• **YOUR GOAL**: For the entries below, repeat exactly each line starting with the one that contains "then show ?thesis by (simp" and going on through the one that contains "(- (1 - \<beta>)", and no others.

Stored data:
Content starts
lemma representative_in:
  assumes Es: "Es \<subseteq> pauli_group n" and max: "maximal_correctable n k U Es" and \<chi>: "\<chi> \<in> chars n k"
  shows "representative Es \<chi> \<in> Es" and "charge (representative Es \<chi>) = \<chi>"
proof -
  have "\<chi> \<in> charge ` Es" using maximal_correctable_all_charges[OF Es max] \<chi> by simp
  then have "\<exists>E. E \<in> Es \<and> charge E = \<chi>" by auto
  then have "representative Es \<chi> \<in> Es \<and> charge (representative Es \<chi>) = \<chi>"
    unfolding representative_def by (rule someI_ex)
  then show "representative Es \<chi> \<in> Es" "charge (representative Es \<chi>) = \<chi>" by simp_all
qed

lemma correctable_same_charge_mult_Pi_pn:
  assumes Es: "Es \<subseteq> pauli_group n" and C: "correctable_with n k U Es C"
    and E: "E \<in> Es" and F: "F \<in> Es" and same: "charge E = charge F"
  shows "\<exists>c. cmod c = 1 \<and> F * Pi_pn = c \<cdot>\<^sub>m (E * Pi_pn)"
proof -
  have p: "E \<in> pauli_group n" "F \<in> pauli_group n" using E F Es by auto
  have "Pi_pn * adj E * F * Pi_pn = C E F \<cdot>\<^sub>m Pi_pn" using C E F unfolding correctable_with_def by blast
  then show ?thesis using same_charge_mult_Pi_pn[OF p same] by blast
qed

lemma representative_frames_complete:
  assumes Es: "Es \<subseteq> pauli_group n" and max: "maximal_correctable n k U Es"
  shows "complete_frames n k U (\<lambda>\<chi>. representative Es \<chi> * Pi_pn)"
  unfolding complete_frames_def frame_field_def
proof (intro ballI conjI)
  fix \<chi> assume "\<chi> \<in> chars n k - {triv_char}"
  then have r: "representative Es \<chi> \<in> pauli_group n" "charge (representative Es \<chi>) = \<chi>"
    using representative_in[OF Es max] Es by auto
  show "representative Es \<chi> * Pi_pn \<in> carrier_mat N N" using pauli_group_carrier[OF r(1)] by simp
  show "adj (representative Es \<chi> * Pi_pn) * (representative Es \<chi> * Pi_pn) = Pi_pn"
    by (rule pauli_mult_Pi_pn_isometry[OF r(1)])
  show "Proj \<chi> * (representative Es \<chi> * Pi_pn) = representative Es \<chi> * Pi_pn"
    using Proj_charge_mult_pauli_mult_Pi_pn[OF r(1)] r(2) by simp
qed
(* For a discrete memoryless channel $\mathcal W$ from a finite set $\mathcal X$ to a finite set $\mathcal Y$, $\lim_{r\to0^+}E_{\rm sp}(r,\mathcal W)=U(\mathcal W)$.
   Context: $D(P\|Q)=\sum_xP(x)\log\frac{P(x)}{Q(x)}$ ($0\log(0/q)=0$; $+\infty$ if $P\not\ll Q$); for $\alpha\in(0,1)$, $D_\alpha(P\|Q)=\frac1{\alpha-1}\log\sum_xP(x)^\alpha Q(x)^{1-\alpha}$. For $P_X\in\mathcal P(\mathcal X)$, $P_{XY}(x,y)=P_X(x)\mathcal W(y|x)$. For $r>0$, $E_{\rm sp}(r,\mathcal W)=\sup_{\alpha\in(0,1]}\max_{P_X}\min_{Q_Y}\frac{1-\alpha}{\alpha}\big(D_\alpha(P_{XY}\|P_X\times Q_Y)-r\big)$ (the $\alpha=1$ term being $0$). $U(\mathcal W)=\max_{P_X}\min_{Q_Y}D(P_X\times Q_Y\|P_{XY})$. *)

theory Defs
  imports Complex_Main "HOL-Library.Extended_Real"
begin

definition is_distr :: "('a::finite \<Rightarrow> real) \<Rightarrow> bool" where
  "is_distr P \<longleftrightarrow> (\<forall>a. 0 \<le> P a) \<and> (\<Sum>a\<in>UNIV. P a) = 1"

text \<open>A DMC: W x y = W(y|x), each row a distribution on the output alphabet.\<close>
definition is_channel :: "('x::finite \<Rightarrow> 'y::finite \<Rightarrow> real) \<Rightarrow> bool" where
  "is_channel W \<longleftrightarrow> (\<forall>x. is_distr (W x))"

definition kl_div :: "('a::finite \<Rightarrow> real) \<Rightarrow> ('a \<Rightarrow> real) \<Rightarrow> ereal" where
  "kl_div P Q =
     (if (\<forall>a. P a \<noteq> 0 \<longrightarrow> Q a \<noteq> 0)
      then ereal (\<Sum>a\<in>UNIV. if P a = 0 then 0 else P a * ln (P a / Q a))
      else \<infinity>)"

text \<open>Renyi divergence of order alpha in (0,1); log 0 = -infinity gives +infinity.\<close>
definition renyi_div :: "real \<Rightarrow> ('a::finite \<Rightarrow> real) \<Rightarrow> ('a \<Rightarrow> real) \<Rightarrow> ereal" where
  "renyi_div \<alpha> P Q =
     (let s = (\<Sum>a\<in>UNIV. P a powr \<alpha> * Q a powr (1 - \<alpha>))
      in if s = 0 then \<infinity> else ereal (ln s / (\<alpha> - 1)))"

definition joint_distr :: "('x \<Rightarrow> real) \<Rightarrow> ('x \<Rightarrow> 'y \<Rightarrow> real) \<Rightarrow> ('x \<times> 'y \<Rightarrow> real)" where
  "joint_distr P W = (\<lambda>(x, y). P x * W x y)"

definition prod_distr :: "('x \<Rightarrow> real) \<Rightarrow> ('y \<Rightarrow> real) \<Rightarrow> ('x \<times> 'y \<Rightarrow> real)" where
  "prod_distr P Q = (\<lambda>(x, y). P x * Q y)"

definition E_sp :: "real \<Rightarrow> ('x::finite \<Rightarrow> 'y::finite \<Rightarrow> real) \<Rightarrow> ereal" where
  "E_sp r W =
     (SUP \<alpha>\<in>{0<..1}. SUP P\<in>{P. is_distr P}. INF Q\<in>{Q. is_distr Q}.
        (if \<alpha> = 1 then 0
         else ereal ((1 - \<alpha>) / \<alpha>) *
                (renyi_div \<alpha> (joint_distr P W) (prod_distr P Q) - ereal r)))"

definition U_chan :: "('x::finite \<Rightarrow> 'y::finite \<Rightarrow> real) \<Rightarrow> ereal" where
  "U_chan W =
     (SUP P\<in>{P. is_distr P}. INF Q\<in>{Q. is_distr Q}.
        kl_div (prod_distr P Q) (joint_distr P W))"

end

theory Submission
  imports Defs "HOL-Analysis.Analysis"
begin

text \<open>
  For \<open>r \<ge> 0\<close> every term of \<open>E_sp\<close> is at most \<open>D(P \<times> Q \<parallel> P\<^sub>X\<^sub>Y)\<close>: the skew symmetry
  \<open>(1-\<alpha>)/\<alpha> \<cdot> D\<^sub>\<alpha>(P\<^sub>X\<^sub>Y \<parallel> P \<times> Q) = D\<^sub>1\<^sub>-\<^sub>\<alpha>(P \<times> Q \<parallel> P\<^sub>X\<^sub>Y)\<close> turns it into a Renyi divergence of
  order below 1, and these are dominated by the KL divergence (Jensen for \<open>exp\<close>). Hoelder's inequality bounds the Renyi sum uniformly in \<open>Q\<close>, giving
  \<open>E_sp r W \<ge> - ln S(\<alpha>) - r (1-\<alpha>)/\<alpha>\<close> with \<open>S(\<alpha>) = \<Sum>\<^sub>y (\<Sum>\<^sub>x P x W(y|x)\<^sup>\<alpha>)\<^sup>1\<^sup>/\<^sup>\<alpha>\<close>.
  As \<open>\<alpha> \<rightarrow> 0\<close> these power means tend to the geometric means \<open>G y = exp (\<Sum>\<^sub>x P x ln W(y|x))\<close>,
  and the output distribution proportional to \<open>G\<close> has \<open>D(P \<times> Q \<parallel> P\<^sub>X\<^sub>Y) = - ln (\<Sum>\<^sub>y G y)\<close>.
  So choosing first \<open>\<alpha>\<close> and then \<open>r\<close> small brings \<open>E_sp r W\<close> above any value below
  \<open>min\<^sub>Q D(P \<times> Q \<parallel> P\<^sub>X\<^sub>Y)\<close>, for every \<open>P\<close>.
\<close>

lemma sum_UNIV_prod:
  fixes f :: "'a::finite \<times> 'b::finite \<Rightarrow> 'c::comm_monoid_add"
  shows "(\<Sum>z\<in>UNIV. f z) = (\<Sum>x\<in>UNIV. \<Sum>y\<in>UNIV. f (x, y))"
  by (simp add: sum.cartesian_product flip: UNIV_Times_UNIV)

lemma is_distr_nonneg: "is_distr P \<Longrightarrow> 0 \<le> P x"
  by (simp add: is_distr_def)

lemma is_distr_sum: "is_distr P \<Longrightarrow> (\<Sum>x\<in>UNIV. P x) = 1"
  by (simp add: is_distr_def)

lemma is_channel_nonneg: "is_channel W \<Longrightarrow> 0 \<le> W x y"
  by (simp add: is_channel_def is_distr_def)

lemma is_distr_uniform: "is_distr (\<lambda>_::'a::finite. 1 / real CARD('a))"
  by (simp add: is_distr_def)

lemma is_distr_ex_pos:
  assumes "is_distr P"
  obtains x where "0 < P x"
proof -
  have "\<not> (\<forall>x. P x \<le> 0)"
    using sum_nonpos[of UNIV P] is_distr_sum[OF assms] by auto
  then show ?thesis
    using that by (meson not_le)
qed

lemma joint_distr_apply [simp]: "joint_distr P W (x, y) = P x * W x y"
  by (simp add: joint_distr_def)

lemma prod_distr_apply [simp]: "prod_distr P Q (x, y) = P x * Q y"
  by (simp add: prod_distr_def)

lemma is_distr_joint_distr: "is_distr P \<Longrightarrow> is_channel W \<Longrightarrow> is_distr (joint_distr P W)"
  unfolding is_distr_def
  by (auto simp: sum_UNIV_prod is_channel_def is_distr_def simp flip: sum_distrib_left)

lemma is_distr_prod_distr: "is_distr P \<Longrightarrow> is_distr Q \<Longrightarrow> is_distr (prod_distr P Q)"
  unfolding is_distr_def by (auto simp: sum_UNIV_prod simp flip: sum_distrib_left)

lemma Youngs_inequality_nonneg:
  fixes q b t :: real
  assumes "0 \<le> q" "0 \<le> b" "0 < t" "t < 1"
  shows "q powr (1 - t) * b powr t \<le> (1 - t) * q + t * b"
  using Youngs_inequality_0[of "1 - t" t q b] assms
  by (cases "q = 0 \<or> b = 0") auto

lemma exp_neg_kl_div_le:
  fixes a b :: "'a::finite \<Rightarrow> real"
  assumes b: "is_distr b" and a: "\<And>z. 0 \<le> a z" and D: "kl_div b a = ereal D"
    and t: "0 < t" "t \<le> 1"
  shows "exp (- t * D) \<le> (\<Sum>z\<in>UNIV. b z powr (1 - t) * a z powr t)"
proof -
  have ac: "b z \<noteq> 0 \<Longrightarrow> 0 < a z" for z
    using D a[of z] by (auto simp: kl_div_def less_le split: if_splits)
  have D_eq: "D = (\<Sum>z\<in>UNIV. if b z = 0 then 0 else b z * ln (b z / a z))"
    using D by (auto simp: kl_div_def split: if_splits)
  define y where "y z = t * ln (a z / b z)" for z
  have "- t * D = (\<Sum>z\<in>UNIV. b z * y z)"
    unfolding D_eq y_def sum_distrib_left
    by (intro sum.cong refl) (use ac is_distr_nonneg[OF b] in \<open>auto simp: ln_div less_le algebra_simps\<close>)
  then have "exp (- t * D) \<le> (\<Sum>z\<in>UNIV. b z * exp (y z))"
    using convex_on_sum[OF _ _ exp_convex, of UNIV b y] b by (auto simp: is_distr_def)
  also have "\<dots> = (\<Sum>z\<in>UNIV. b z powr (1 - t) * a z powr t)"
  proof (intro sum.cong refl)
    fix z
    show "b z * exp (y z) = b z powr (1 - t) * a z powr t"
    proof (cases "b z = 0")
      case False
      then have "0 < b z" "0 < a z"
        using ac is_distr_nonneg[OF b, of z] by (auto simp: less_le)
      moreover have "exp (y z) = (a z / b z) powr t"
        using \<open>0 < a z\<close> \<open>0 < b z\<close> by (simp add: y_def powr_def mult.commute)
      ultimately show ?thesis
        by (simp add: powr_divide powr_diff field_simps)
    qed simp
  qed
  finally show ?thesis .
qed

lemma kl_div_nonneg:
  assumes a: "is_distr a" and b: "is_distr b"
  shows "0 \<le> kl_div b a"
proof (cases "kl_div b a")
  case (real D)
  \<comment> \<open>\<open>b z powr 0\<close> is the indicator of \<open>b z \<noteq> 0\<close>, since \<open>0 powr 0 = 0\<close>\<close>
  have "exp (- D) \<le> (\<Sum>z\<in>UNIV. b z powr 0 * a z powr 1)"
    using exp_neg_kl_div_le[OF b is_distr_nonneg[OF a] real, of 1] by simp
  also have "\<dots> \<le> (\<Sum>z\<in>UNIV. a z)"
    by (intro sum_mono) (use is_distr_nonneg[OF a] in auto)
  finally have "exp (- D) \<le> 1"
    using is_distr_sum[OF a] by simp
  then show ?thesis
    using real by simp
next
  case PInf
  then show ?thesis by simp
next
  case MInf
  then show ?thesis by (simp add: kl_div_def split: if_splits)
qed

lemma renyi_div_le_kl_div:
  assumes a: "is_distr a" and b: "is_distr b" and \<beta>: "0 < \<beta>" "\<beta> < 1"
  shows "renyi_div \<beta> b a \<le> kl_div b a"
proof (cases "kl_div b a")
  case (real D)
  define s where "s = (\<Sum>z\<in>UNIV. b z powr \<beta> * a z powr (1 - \<beta>))"
  have "exp (- (1 - \<beta>) * D) \<le> s"
    using exp_neg_kl_div_le[OF b is_distr_nonneg[OF a] real, of "1 - \<beta>"] \<beta> by (simp add: s_def)
  moreover from this have "0 < s"
    by (rule less_le_trans[OF exp_gt_zero])
  ultimately have "- (1 - \<beta>) * D \<le> ln s"
    by (simp add: ln_ge_iff)
  then have "ln s / (\<beta> - 1) \<le> D"
    using \<beta> by (simp add: divide_le_eq algebra_simps)
  then show ?thesis
    using \<open>0 < s\<close> real by (simp add: renyi_div_def s_def)
qed (auto simp: kl_div_def split: if_splits)

lemma renyi_div_skew:
  assumes "0 < \<alpha>" "\<alpha> < 1"
  shows "ereal ((1 - \<alpha>) / \<alpha>) * renyi_div \<alpha> P Q = renyi_div (1 - \<alpha>) Q P"
proof -
  define s where "s = (\<Sum>a\<in>UNIV. P a powr \<alpha> * Q a powr (1 - \<alpha>))"
  have "renyi_div (1 - \<alpha>) Q P = (if s = 0 then \<infinity> else ereal (ln s / - \<alpha>))"
    by (simp add: renyi_div_def s_def mult.commute)
  moreover have "(1 - \<alpha>) / \<alpha> * (ln s / (\<alpha> - 1)) = ln s / - \<alpha>"
    using assms by (simp add: field_simps)
  ultimately show ?thesis
    using assms by (simp add: renyi_div_def s_def[symmetric])
qed

definition sp_term :: "('x::finite \<Rightarrow> 'y::finite \<Rightarrow> real) \<Rightarrow> real \<Rightarrow> real \<Rightarrow> ('x \<Rightarrow> real) \<Rightarrow> ('y \<Rightarrow> real) \<Rightarrow> ereal" where
  "sp_term W r \<alpha> P Q =
     (if \<alpha> = 1 then 0
      else ereal ((1 - \<alpha>) / \<alpha>) * (renyi_div \<alpha> (joint_distr P W) (prod_distr P Q) - ereal r))"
Content ends
• **EXERCISE ANSWER**:
  then show ?thesis by (simp add: kl_div_def split: if_splits)
qed

lemma renyi_div_le_kl_div:
  assumes a: "is_distr a" and b: "is_distr b" and \<beta>: "0 < \<beta>" "\<beta> < 1"
  shows "renyi_div \<beta> b a \<le> kl_div b a"
proof (cases "kl_div b a")
  case (real D)
  define s where "s = (\<Sum>z\<in>UNIV. b z powr \<beta> * a z powr (1 - \<beta>))"
  have "exp (- (1 - \<beta>) * D) \<le> s"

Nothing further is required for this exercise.